* [What you have to do]
From the data below, return the exact lines starting at the line containing "in i by a common" and ending at the line containing "by (simp add: matrix_matrix_mult_def)", both included, and nothing else.

___ Dataset records

lemma dih_cong_app: "dih_cong x y \<Longrightarrow> dih_cong (z @ x @ w) (z @ y @ w)"
  unfolding dih_cong_def equivclp_def
proof (induction rule: rtranclp_induct)
  case base then show ?case by simp
next
  case (step y u)
  from step.hyps(2) have "symclp dih_step (z @ y @ w) (z @ u @ w)"
    by (auto simp: symclp_def intro: dih_step_app)
  with step.IH show ?case by (rule rtranclp.rtrancl_into_rtrancl)
qed

lemma dih_cong_append:
  "dih_cong x y \<Longrightarrow> dih_cong u v \<Longrightarrow> dih_cong (x @ u) (y @ v)"
proof -
  assume a: "dih_cong x y" "dih_cong u v"
  have "dih_cong ([] @ x @ u) ([] @ y @ u)" by (rule dih_cong_app[OF a(1)])
  moreover have "dih_cong (y @ u @ []) (y @ v @ [])" by (rule dih_cong_app[OF a(2)])
  ultimately show ?thesis
    using equivp_transp[OF equivp_dih_cong] by fastforce
qed

instantiation Dinf :: monoid_mult
begin
lift_definition one_Dinf :: Dinf is "[]" .
lift_definition times_Dinf :: "Dinf \<Rightarrow> Dinf \<Rightarrow> Dinf" is "(@)"
  by (rule dih_cong_append)
instance
proof
  fix a b c :: Dinf
  show "a * b * c = a * (b * c)" by transfer (simp add: equivp_reflp[OF equivp_dih_cong])
  show "1 * a = a" by transfer (simp add: equivp_reflp[OF equivp_dih_cong])
  show "a * 1 = a" by transfer (simp add: equivp_reflp[OF equivp_dih_cong])
qed
end

fun word_eval :: "(nat \<Rightarrow> 'a::semigroup_mult) \<Rightarrow> nat list \<Rightarrow> 'a" where
  "word_eval \<phi> [] = undefined"
| "word_eval \<phi> [x] = \<phi> x"
| "word_eval \<phi> (x # y # ys) = \<phi> x * word_eval \<phi> (y # ys)"

definition satisfies_id :: "'a::semigroup_mult itself \<Rightarrow> nat list \<Rightarrow> nat list \<Rightarrow> bool" where
  "satisfies_id _ u v \<longleftrightarrow> u \<noteq> [] \<and> v \<noteq> [] \<and> (\<forall>\<phi> :: nat \<Rightarrow> 'a. word_eval \<phi> u = word_eval \<phi> v)"

definition isoterm :: "'a::semigroup_mult itself \<Rightarrow> nat list \<Rightarrow> bool" where
  "isoterm T v \<longleftrightarrow> (\<forall>v'. satisfies_id T v v' \<longrightarrow> v' = v)"

fun zimin :: "nat \<Rightarrow> nat list" where
  "zimin 0 = []"
| "zimin (Suc n) = zimin n @ [n] @ zimin n"

definition subst_word :: "(nat \<Rightarrow> nat list) \<Rightarrow> nat list \<Rightarrow> nat list" where
  "subst_word \<sigma> w = concat (map \<sigma> w)"
(* Let $F$ be a field, $t\ge 1$, and let $e_1,\dots,e_t\in M_n(F)$ be nonzero pairwise orthogonal idempotents ($e_ie_j=0$ for $i\ne j$, $e_i^2=e_i$) with $e_1+\cdots+e_t=I_n$; let $n_i=\mathrm{rank}(e_i)$. Let $\sigma_1,\dots,\sigma_t\in F$ be such that $\sum_{i=1}^t\sigma_ik_i\ne 0$ in $F$ for every integer $t$-tuple $(k_1,\dots,k_t)\ne\vec 0$ with $0\le k_i\le n_i$ for all $i$. Then $$V=\Big\{a\in M_n(F):\ e_iae_j=0 \text{ for all } 1\le i<j\le t,\ \ \sum_{i=1}^t\sigma_i\,\mathrm{Tr}(e_iae_i)=0\Big\}$$ (the matrices which are block lower triangular with respect to $e_1,\dots,e_t$ and whose diagonal blocks $a_{ii}=e_iae_i$ satisfy $\sum_i\sigma_i\mathrm{Tr}(a_{ii})=0$) is a Mathieu subspace of $M_n(F)$.
   Context: Let $\mathcal A$ be an associative algebra over a field $F$. An $F$-subspace $M\subseteq\mathcal A$ is a Mathieu subspace (MS) of $\mathcal A$ if for all $a,b,c\in\mathcal A$ such that $a^m\in M$ for all $m\ge 1$, there exists $N$ (depending on $a,b,c$) such that $ba^mc\in M$ for all $m\ge N$. *)

theory Defs
  imports "HOL-Analysis.Analysis"
begin

primrec matpow :: "'a::semiring_1^'n^'n \<Rightarrow> nat \<Rightarrow> 'a^'n^'n" where
  "matpow A 0 = mat 1"
| "matpow A (Suc m) = A ** matpow A m"

definition msmult :: "'a::field \<Rightarrow> 'a^'n^'n \<Rightarrow> 'a^'n^'n" where
  "msmult c A = (\<chi> i j. c * A $ i $ j)"

definition F_subspace :: "('a::field^'n^'n) set \<Rightarrow> bool" where
  "F_subspace M \<longleftrightarrow> 0 \<in> M \<and> (\<forall>x\<in>M. \<forall>y\<in>M. x + y \<in> M) \<and> (\<forall>c. \<forall>x\<in>M. msmult c x \<in> M)"

definition mathieu_subspace :: "('a::field^'n^'n) set \<Rightarrow> bool" where
  "mathieu_subspace M \<longleftrightarrow> F_subspace M \<and>
     (\<forall>a b c. (\<forall>m\<ge>1. matpow a m \<in> M) \<longrightarrow> (\<exists>N. \<forall>m\<ge>N. b ** matpow a m ** c \<in> M))"

end

theory Submission
  imports Defs
begin

(* Suppose that a^m \<in> V for all m \<ge> 1. Then a is block lower triangular, so the diagonal blocks
   of a^m are the powers of the diagonal blocks B_i = e_i a e_i of a. Fitting's lemma, made uniform
   in i by a common annihilating polynomial, yields r \<ge> 1 and a polynomial h with h(0) = 0 such
   that each h(B_i) is idempotent and h(B_i) = 0 forces B_i^r = 0. As h has no constant term, the
   trace condition on the powers of a gives \<Sum> \<sigma>_i Tr h(B_i) = 0; the trace of the idempotent
   h(B_i) is its rank, which is at most rank e_i, so the hypothesis on \<sigma> forces every h(B_i) to
   vanish. Hence a^r is strictly block lower triangular, a^(r t) = 0, and b a^m c = 0 \<in> V for
   all large m. *)

lemma mat_add: "mat (a + b) = (mat a + mat b :: 'a::semiring_1^'n^'n)"
  by (simp add: mat_def vec_eq_iff)

lemma mat_mult_nth: "(mat c ** X) $ i $ j = c * (X $ i $ j :: 'a::semiring_1)"
  by (simp add: matrix_matrix_mult_def mat_def if_distrib if_distribR cong: if_cong)

lemma mat_mult_mat: "mat a ** mat b = (mat (a * b) :: 'a::semiring_1^'n^'n)"
  by (simp add: vec_eq_iff mat_mult_nth) (simp add: mat_def)

lemma matrix_mul_mat_commute: "X ** (mat c ** Y) = mat c ** (X ** Y :: 'a::comm_semiring_1^_^_)"
proof -
  have "(X ** (mat c ** Y)) $ i $ j = (mat c ** (X ** Y)) $ i $ j" for i j
  proof -
    have "(X ** (mat c ** Y)) $ i $ j = (\<Sum>k\<in>UNIV. X $ i $ k * (mat c ** Y) $ k $ j)"
      by (simp add: matrix_matrix_mult_def)
    also have "\<dots> = c * (\<Sum>k\<in>UNIV. X $ i $ k * Y $ k $ j)"
      by (simp add: mat_mult_nth sum_distrib_left mult_ac)
    also have "\<dots> = (mat c ** (X ** Y)) $ i $ j"
      by (subst mat_mult_nth) (simp add: matrix_matrix_mult_def)
    finally show ?thesis .
  qed
  then show ?thesis by (simp add: vec_eq_iff)
qed

lemma msmult_eq_mat_mult: "msmult c x = mat c ** x"
  by (simp add: msmult_def vec_eq_iff mat_mult_nth)

lemma matrix_add_rdistrib: "(A + B) ** C = A ** C + (B ** C :: 'a::semiring_1^_^_)"
  by (vector matrix_matrix_mult_def sum.distrib[symmetric] field_simps)

lemma matrix_sum_ldistrib: "A ** sum f S = (\<Sum>k\<in>S. A ** f k :: 'a::semiring_1^_^_)"
  by (induction S rule: infinite_finite_induct) (auto simp: matrix_add_ldistrib)

lemma matrix_sum_rdistrib: "sum f S ** A = (\<Sum>k\<in>S. f k ** A :: 'a::semiring_1^_^_)"
  by (induction S rule: infinite_finite_induct) (auto simp: matrix_add_rdistrib)

lemma trace_mat_mult: "trace (mat c ** A) = c * trace (A :: 'a::comm_semiring_1^'n^'n)"
  by (simp add: trace_def mat_mult_nth sum_distrib_left)

lemma trace_sum: "trace (sum f S) = (\<Sum>k\<in>S. trace (f k :: 'a::comm_semiring_1^'n^'n))"
  by (induction S rule: infinite_finite_induct) (auto simp: trace_add trace_def sum.distrib)

lemma trace_zero [simp]: "trace (0 :: 'a::semiring_1^'n^'n) = 0"
  by (simp add: trace_def)

lemma matpow_add: "matpow A (m + k) = matpow A m ** matpow A k"
  by (induction m) (simp_all add: matrix_mul_assoc)

lemma matpow_1 [simp]: "matpow A 1 = A"
  by simp

lemma matpow_mult: "matpow A (m * k) = matpow (matpow A m) k"
  by (induction k) (simp_all add: matpow_add)

lemma matpow_eq_0_mono:
  assumes "matpow A N = 0" and "N \<le> m"
  shows "matpow A m = 0"
  using matpow_add[of A "m - N" N] assms by simp

subsection \<open>Ranks and traces over a field\<close>

lemma rank_mul_le_right_gen:
  fixes A :: "'a::field^'n^'m" and B :: "'a^'p^'n"
  shows "rank (A ** B) \<le> rank B"
proof -
  have "rows (A ** B) \<subseteq> vec.span (rows B)"
  proof
    fix r assume "r \<in> rows (A ** B)"
    then obtain i where r: "r = row i (A ** B)" by (auto simp: rows_def)
    have "row i (A ** B) = (\<Sum>k\<in>UNIV. A $ i $ k *s row k B)"
      by (simp add: vec_eq_iff sum_component row_def matrix_matrix_mult_def)
    also have "\<dots> \<in> vec.span (rows B)"
      by (intro vec.span_sum vec.span_scale vec.span_base) (auto simp: rows_def)
    finally show "r \<in> vec.span (rows B)" using r by simp
  qed
  then show ?thesis by (simp add: row_rank_def_gen vec.dim_mono)
qed

lemma rank_eq_0_gen:
  fixes A :: "'a::field^'n^'m"
  assumes "rank A = 0"
  shows "A = 0"
proof -
  have "rows A \<subseteq> {0}" using assms by (simp add: row_rank_def_gen)
  then have "row i A = 0" for i by (auto simp: rows_def)
  then show ?thesis by (simp add: vec_eq_iff row_def)
qed

lemma matrix_vector_mult_in_columns_span: "A *v x \<in> vec.span (columns A)"
proof -
  have "A *v x = (\<Sum>i\<in>UNIV. x $ i *s column i A)" by (rule matrix_mult_sum)
  also have "\<dots> \<in> vec.span (columns A)"
    by (intro vec.span_sum vec.span_scale vec.span_base) (auto simp: columns_def)
  finally show ?thesis .
qed

lemma matrix_vector_mult_axis: "A *v axis j 1 = column j (A :: 'a::semiring_1^'n^'m)"
  by (simp add: vec_eq_iff column_def matrix_vector_mult_def axis_def if_distrib cong: if_cong)

lemma idempotent_fixes_columns_span:
  fixes A :: "'a::field^'n^'n"
  assumes "A ** A = A" and "v \<in> vec.span (columns A)"
  shows "A *v v = v"
proof -
  have "A *v column i A = column i A" for i
    using assms(1) by (metis matrix_vector_mult_axis matrix_vector_mul_assoc)
  then show ?thesis
    using vec.linear_eq_on_span[OF matrix_vector_mul_linear_gen[of A] vec.linear_id, of "columns A" v] assms(2)
    by (auto simp: columns_def)
qed

text \<open>Expand the columns of \<open>A\<close> in a basis \<open>Bs\<close> of the column space: since \<open>A\<close> fixes each
  \<open>b \<in> Bs\<close>, the \<open>b\<close>-coordinate of \<open>A *v b\<close> is 1, and these coordinates add up to the trace.\<close>
lemma trace_idempotent_eq_dim_columns:
  fixes A :: "'a::field^'n^'n"
  assumes idem: "A ** A = A"
  shows "trace A = of_nat (vec.dim (columns A))"
proof -
  let ?R = "vec.span (columns A)"
  obtain Bs where Bs: "Bs \<subseteq> ?R" "vec.independent Bs" "?R \<subseteq> vec.span Bs" "card Bs = vec.dim ?R"
    using vec.basis_exists by blast
  have fin: "finite Bs" using Bs(2) vec.finiteI_independent by blast
  have span_Bs: "vec.span Bs = ?R"
    using Bs(1,3) by (metis subset_antisym vec.span_mono vec.span_span)
  let ?rep = "vec.representation Bs"
  let ?c = "\<lambda>j. A *v axis j 1"
  have c_in: "?c j \<in> vec.span Bs" for j
    using matrix_vector_mult_in_columns_span span_Bs by blast
  have expand: "?c j = (\<Sum>b\<in>Bs. ?rep (?c j) b *s b)" for j
    using vec.sum_representation_eq[OF Bs(2) c_in fin order_refl] by simp
  have diag: "(\<Sum>j\<in>UNIV. b $ j * ?rep (?c j) b) = 1" if b: "b \<in> Bs" for b
  proof -
    have "?rep (\<Sum>j\<in>UNIV. b $ j *s ?c j) = (\<lambda>d. \<Sum>j\<in>UNIV. ?rep (b $ j *s ?c j) d)"
      using c_in by (intro vec.representation_sum[OF Bs(2)]) (simp add: vec.span_scale)
    also have "\<dots> = (\<lambda>d. \<Sum>j\<in>UNIV. b $ j * ?rep (?c j) d)"
      using vec.representation_scale[OF Bs(2) c_in] by simp
    finally have "(\<Sum>j\<in>UNIV. b $ j * ?rep (?c j) b) = ?rep (\<Sum>j\<in>UNIV. b $ j *s ?c j) b"
      by simp
    also have "(\<Sum>j\<in>UNIV. b $ j *s ?c j) = b"
      using idempotent_fixes_columns_span[OF idem] Bs(1) b
      by (auto simp: matrix_vector_mult_axis simp flip: matrix_mult_sum)
    finally show ?thesis
      by (simp add: vec.representation_basis[OF Bs(2) b])
  qed
  have "trace A = (\<Sum>j\<in>UNIV. ?c j $ j)"
    by (simp add: trace_def matrix_vector_mult_axis column_def)
  also have "\<dots> = (\<Sum>j\<in>UNIV. \<Sum>b\<in>Bs. ?rep (?c j) b * b $ j)"
    by (subst expand) (simp add: sum_component)
  also have "\<dots> = (\<Sum>b\<in>Bs. \<Sum>j\<in>UNIV. b $ j * ?rep (?c j) b)"
    by (subst sum.swap) (simp add: mult.commute)
  also have "\<dots> = of_nat (card Bs)"
    by (simp add: diag)
  finally show ?thesis using Bs(4) by simp
qed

______

* [Worked solution]
   in i by a common annihilating polynomial, yields r \<ge> 1 and a polynomial h with h(0) = 0 such
   that each h(B_i) is idempotent and h(B_i) = 0 forces B_i^r = 0. As h has no constant term, the
   trace condition on the powers of a gives \<Sum> \<sigma>_i Tr h(B_i) = 0; the trace of the idempotent
   h(B_i) is its rank, which is at most rank e_i, so the hypothesis on \<sigma> forces every h(B_i) to
   vanish. Hence a^r is strictly block lower triangular, a^(r t) = 0, and b a^m c = 0 \<in> V for
   all large m. *)

lemma mat_add: "mat (a + b) = (mat a + mat b :: 'a::semiring_1^'n^'n)"
  by (simp add: mat_def vec_eq_iff)

lemma mat_mult_nth: "(mat c ** X) $ i $ j = c * (X $ i $ j :: 'a::semiring_1)"
  by (simp add: matrix_matrix_mult_def mat_def if_distrib if_distribR cong: if_cong)

lemma mat_mult_mat: "mat a ** mat b = (mat (a * b) :: 'a::semiring_1^'n^'n)"
  by (simp add: vec_eq_iff mat_mult_nth) (simp add: mat_def)

lemma matrix_mul_mat_commute: "X ** (mat c ** Y) = mat c ** (X ** Y :: 'a::comm_semiring_1^_^_)"
proof -
  have "(X ** (mat c ** Y)) $ i $ j = (mat c ** (X ** Y)) $ i $ j" for i j
  proof -
    have "(X ** (mat c ** Y)) $ i $ j = (\<Sum>k\<in>UNIV. X $ i $ k * (mat c ** Y) $ k $ j)"
      by (simp add: matrix_matrix_mult_def)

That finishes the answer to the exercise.